The comfort level of lingerie in this era certainly still has plenty of room for improvement. However, looking back, undergarments have come a long way!
Let’s take a look at the history and evolution of lingerie.
The earliest mention of undergarments dates back to Ancient Greece. Even then, the pieces of woolen cloth called an apodesmos was only wrapped around a woman’s chest to support their breasts, and secured at the back with pins.
In ancient Rome, tight support garments known as mamillare or fascia were worn for functional rather than aesthetic purposes, mainly to make women’s busts appear smaller.
Come middle age, loose undergarments such as a chemise were worn by both genders to absorb any sweat and body oils, preventing their outerwear from getting stained.
Its Chinese counterpart with the same purpose, a du dou, was first fashionable among the upper classes in the Ming Dynasty. Towards the end of 1500’s, petticoats were worn under a dress to enhance the appearance of a tiny waist.
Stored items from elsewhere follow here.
lemma abs_shift_log_minus_poly_le:
  assumes "N > 0" "0 \<le> j" "2 * j \<le> N" "j + 1 \<le> N"
  shows "\<bar>shift_log N j - shift_log_poly N j\<bar> \<le> j^4 / (4 * N^3)"
proof -
  define x where "x = j / N"
  have x: "0 \<le> x" "x \<le> 1/2" using assms by (auto simp: x_def field_simps)
  define r where "r = ln (1 - x) + x + x^2/2 + x^3/3"
  have r: "- (x^4 / 2) \<le> r" "r \<le> 0"
    unfolding r_def using ln_one_minus_cubic_bounds[OF x] by auto
  have ln_eq: "ln (1 - j / N) = r - x - x^2/2 - x^3/3" unfolding r_def x_def by simp
  have "shift_log N j = (N - j - 1) / 2 * (- x - x^2/2 - x^3/3) + (N - j - 1) / 2 * r"
    unfolding shift_log_def ln_eq by (simp add: field_simps)
  also have "(N - j - 1) / 2 * (- x - x^2/2 - x^3/3) = shift_log_poly N j"
    unfolding shift_log_poly_def x_def using assms
    by (simp add: field_simps power2_eq_square power3_eq_cube power4_eq_xxxx)
  finally have split: "shift_log N j - shift_log_poly N j = (N - j - 1) / 2 * r" by simp
  have c: "0 \<le> (N - j - 1) / 2" "(N - j - 1) / 2 \<le> N / 2" using assms by auto
  have "\<bar>(N - j - 1) / 2 * r\<bar> = (N - j - 1) / 2 * (- r)"
    using c r by (simp add: abs_mult abs_of_nonpos)
  also have "\<dots> \<le> N / 2 * (x^4 / 2)"
    using c r by (intro mult_mono) auto
  also have "\<dots> = j^4 / (4 * N^3)"
    unfolding x_def using assms by (simp add: field_simps power4_eq_xxxx power3_eq_cube)
  finally show ?thesis unfolding split .
qed

lemma ln_Gamma_half_eq:
  fixes N j :: real
  assumes "0 \<le> j" "j < N"
  shows "ln (Gamma ((N - j) / 2))
           = stirling_rem ((N - j) / 2) + (N - j - 1) / 2 * ln (N / 2) + shift_log N j - (N - j) / 2"
proof -
  have "(N - j) / 2 = N / 2 * (1 - j / N)" using assms by (simp add: field_simps)
  hence "ln ((N - j) / 2) = ln (N / 2) + ln (1 - j / N)"
    using assms by (simp only:) (intro ln_mult_pos; simp add: field_simps)
  thus ?thesis unfolding stirling_rem_def shift_log_def by (simp add: field_simps)
qed

lemma ln_Gamma_half_diff_eq:
  fixes N M j :: real
  assumes "0 \<le> j" "j < M" "M \<le> N"
  shows "ln (Gamma ((N - j) / 2)) - ln (Gamma ((M - j) / 2)) + (N - M) / 2 * ln (2 / N)
           = stirling_rem ((N - j) / 2) - stirling_rem ((M - j) / 2)
             + shift_log N j - shift_log M j + (M - j - 1) / 2 * ln (N / M) - (N - M) / 2"
proof -
  have "j < N" using assms by simp
  have ln_quot: "ln (2 / N) = - ln (N / 2)" "ln (N / M) = ln (N / 2) - ln (M / 2)"
    using assms by (simp_all add: ln_div)
  show ?thesis
    unfolding ln_Gamma_half_eq[OF assms(1,2)] ln_Gamma_half_eq[OF assms(1) \<open>j < N\<close>] ln_quot
    by (simp add: field_simps)
qed

lemma ln_K_const_eq:
  assumes "p + q < n"
  shows "ln (K_const n p q) = (\<Sum>j<q. ln (Gamma ((real n - real j) / 2))
            - ln (Gamma ((real n - real p - real j) / 2)) + real p / 2 * ln (2 / real n))"
proof -
  have pos: "Gamma ((real n - real j) / 2) > 0" "Gamma ((real n - real p - real j) / 2) > 0"
    if "j < q" for j
    using that assms by auto
  have nonzero:
    "Gamma ((real n - real j) / 2) \<noteq> 0" "Gamma ((real n - real p - real j) / 2) \<noteq> 0"
    if "j < q" for j
    using pos[OF that] by simp_all
  have "ln (\<Prod>j<q. Gamma ((real n - real j) / 2) / Gamma ((real n - real p - real j) / 2))
          = (\<Sum>j<q. ln (Gamma ((real n - real j) / 2) / Gamma ((real n - real p - real j) / 2)))"
    by (rule ln_prod) (simp_all add: nonzero)
  hence "ln (K_const n p q) = real p * real q / 2 * ln (2 / real n)
          + (\<Sum>j<q. ln (Gamma ((real n - real j) / 2) / Gamma ((real n - real p - real j) / 2)))"
    unfolding K_const_def using assms pos
    by (simp add: ln_mult ln_powr prod_pos less_imp_neq[symmetric])
  moreover have
    "(\<Sum>j<q. ln (Gamma ((real n - real j) / 2) / Gamma ((real n - real p - real j) / 2)))
      = (\<Sum>j<q. ln (Gamma ((real n - real j) / 2)) - ln (Gamma ((real n - real p - real j) / 2)))"
    by (intro sum.cong) (simp_all add: nonzero ln_div)
  ultimately show ?thesis by (simp add: sum.distrib)
qed

definition ln_K_approx :: "nat \<Rightarrow> nat \<Rightarrow> nat \<Rightarrow> real" where
  "ln_K_approx n p q = - real p * real q / 2
      + real q * (real q + 1) / 4 * ln (1 + real p / (real n - real p))
      - real p * real q ^ 3 / (12 * real n ^ 2)
      - (real n - real p - real q - 1) / 2 * real q * ln (1 - real p / real n)"

lemma ln_K_const_minus_approx_eq:
  assumes "p + q < n"
  shows "ln (K_const n p q) - ln_K_approx n p q
           = (\<Sum>j<q. stirling_rem ((real n - real j) / 2)
                       - stirling_rem ((real n - real p - real j) / 2))
             + (\<Sum>j<q. shift_log (real n) (real j) - shift_log (real n - real p) (real j))
             + real p * real q ^ 3 / (12 * real n ^ 2)"
proof -
  define M where "M = real n - real p"
  have M: "real q < M" "M \<le> real n" using assms by (auto simp: M_def)
  have "ln (K_const n p q) = (\<Sum>j<q. stirling_rem ((real n - real j) / 2)
          - stirling_rem ((M - real j) / 2) + shift_log (real n) (real j) - shift_log M (real j)
          + (M - real j - 1) / 2 * ln (real n / M) - real p / 2)"
    unfolding ln_K_const_eq[OF assms] M_def[symmetric]
    using ln_Gamma_half_diff_eq[of _ M "real n"] M by (intro sum.cong) (auto simp: M_def)
  also have "\<dots> = (\<Sum>j<q. stirling_rem ((real n - real j) / 2) - stirling_rem ((M - real j) / 2))
          + (\<Sum>j<q. shift_log (real n) (real j) - shift_log M (real j))
          + ln (real n / M) * (\<Sum>j<q. (M - real j - 1) / 2) - real q * real p / 2"
    by (simp add: sum.distrib sum_subtractf sum_distrib_left algebra_simps)
  also have "(\<Sum>j<q. (M - real j - 1) / 2) = real q * (M - 1) / 2 - real q * (real q - 1) / 4"
    by (induction q) (auto simp: field_simps)
  finally have ln_K: "ln (K_const n p q)
    = (\<Sum>j<q. stirling_rem ((real n - real j) / 2) - stirling_rem ((M - real j) / 2))
      + (\<Sum>j<q. shift_log (real n) (real j) - shift_log M (real j))
      + ln (real n / M) * (real q * (M - 1) / 2 - real q * (real q - 1) / 4)
      - real q * real p / 2" .
  have approx: "ln_K_approx n p q
    = - real p * real q / 2 + real q * (real q + 1) / 4 * ln (real n / M)
      - real p * real q ^ 3 / (12 * real n ^ 2) + (M - real q - 1) / 2 * real q * ln (real n / M)"
  proof -
    have "1 + real p / (real n - real p) = real n / M" "1 - real p / real n = M / real n"
      using M by (auto simp: M_def field_simps)
    moreover have "ln (M / real n) = - ln (real n / M)" using M by (simp add: ln_div)
    ultimately show ?thesis unfolding ln_K_approx_def M_def[symmetric] by simp
  qed
  show ?thesis unfolding ln_K approx unfolding M_def by (simp add: field_simps)
qed

section \<open>Error estimates\<close>

lemma abs_sum_lessThan_le:
  fixes f :: "nat \<Rightarrow> real"
  assumes "\<And>j. j < q \<Longrightarrow> \<bar>f j\<bar> \<le> B"
  shows "\<bar>\<Sum>j<q. f j\<bar> \<le> real q * B"
proof -
  have "\<bar>\<Sum>j<q. f j\<bar> \<le> (\<Sum>j<q. \<bar>f j\<bar>)" by (rule sum_abs)
  also have "\<dots> \<le> (\<Sum>j<q. B)" using assms by (intro sum_mono) auto
  finally show ?thesis by simp
qed

lemma abs_sum_times_const_le:
  fixes f :: "nat \<Rightarrow> real"
  assumes "\<And>j. j < q \<Longrightarrow> 0 \<le> f j" "\<And>j. j < q \<Longrightarrow> f j \<le> B"
  shows "\<bar>\<Sum>j<q. f j * c\<bar> \<le> real q * B * \<bar>c\<bar>"
proof -
  have "0 \<le> (\<Sum>j<q. f j)" by (intro sum_nonneg) (use assms(1) in auto)
  hence "\<bar>\<Sum>j<q. f j * c\<bar> = (\<Sum>j<q. f j) * \<bar>c\<bar>"
    by (simp add: sum_distrib_right[symmetric] abs_mult)
  also have "\<dots> \<le> real q * B * \<bar>c\<bar>"
    using sum_bounded_above[of "{..<q}" f B] assms(2) by (intro mult_right_mono) auto
  finally show ?thesis .
qed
Corsets did not start out as most of us remember. In the 1820s, long-line corsets were popular due to how they complemented their column dresses.
Long-line corsets did not only give the women an appearance of a tiny waist – they extended to their hips and upper thighs as well!
In this era, corsets were worn to help women create an hourglass figure, with the appearance of a tiny waist obtained by wearing steel corsets or whale-bone corsets. It sure doesn’t sound comfortable!
By the 1890s, frilly bloomers became a comfortable clothing option - a baggy pair of pants worn mostly by radical women.
Pantalets with lace hems were also featured in this era, with an
appearance similar to bloomers. These pants, however, served to cover up a lady’s ankles.
The first bra was invented by Caresse Crosby, otherwise known as Mary Phelps Jacobs, merely by sewing two handkerchiefs together with a ribbon tie. Underwired bras were introduced in early 1930s, but did not gain popularity due to WWII’s aftermath which included some metal shortage.
By 1946, underwired bras started becoming more popular for the support they provided. Barely a year later, push-up bras were invented to give women the appearance of bigger busts.
Around the same time, more comfortable undergarments such as slips - similar to the modern era nightgowns, gained popularity as did girdles.
The first girdles were made from rubber, which was not exactly a breathable material.
By the 1950’s, undergarments’ had evolved to include garter belts and stockings. Typically, the stockings were about knee-high and connected to the hose all the way at the waist with an embroidered ribbon.
Soon, bikini briefs came along as women became more open to their sexuality and wanted
more comfortable undergarment options.
Brazil released thongs in the 1980’s to help women hide their panty lines when wearing tight clothes. These undergarments came in various colours and fabrics.
Today, some of the historical undergarment pieces are still worn as fashion statements, or
adapted to a modern, more comfortable fit with different materials and cuttings.
The changes in these lingerie styles also brought upon the world a positive difference - an open mindset to
how a woman’s body shape may vary.
For example, lingerie is made to fit plus-sized models with additional support and straps. There’s no telling how the world of undergarments might evolve next.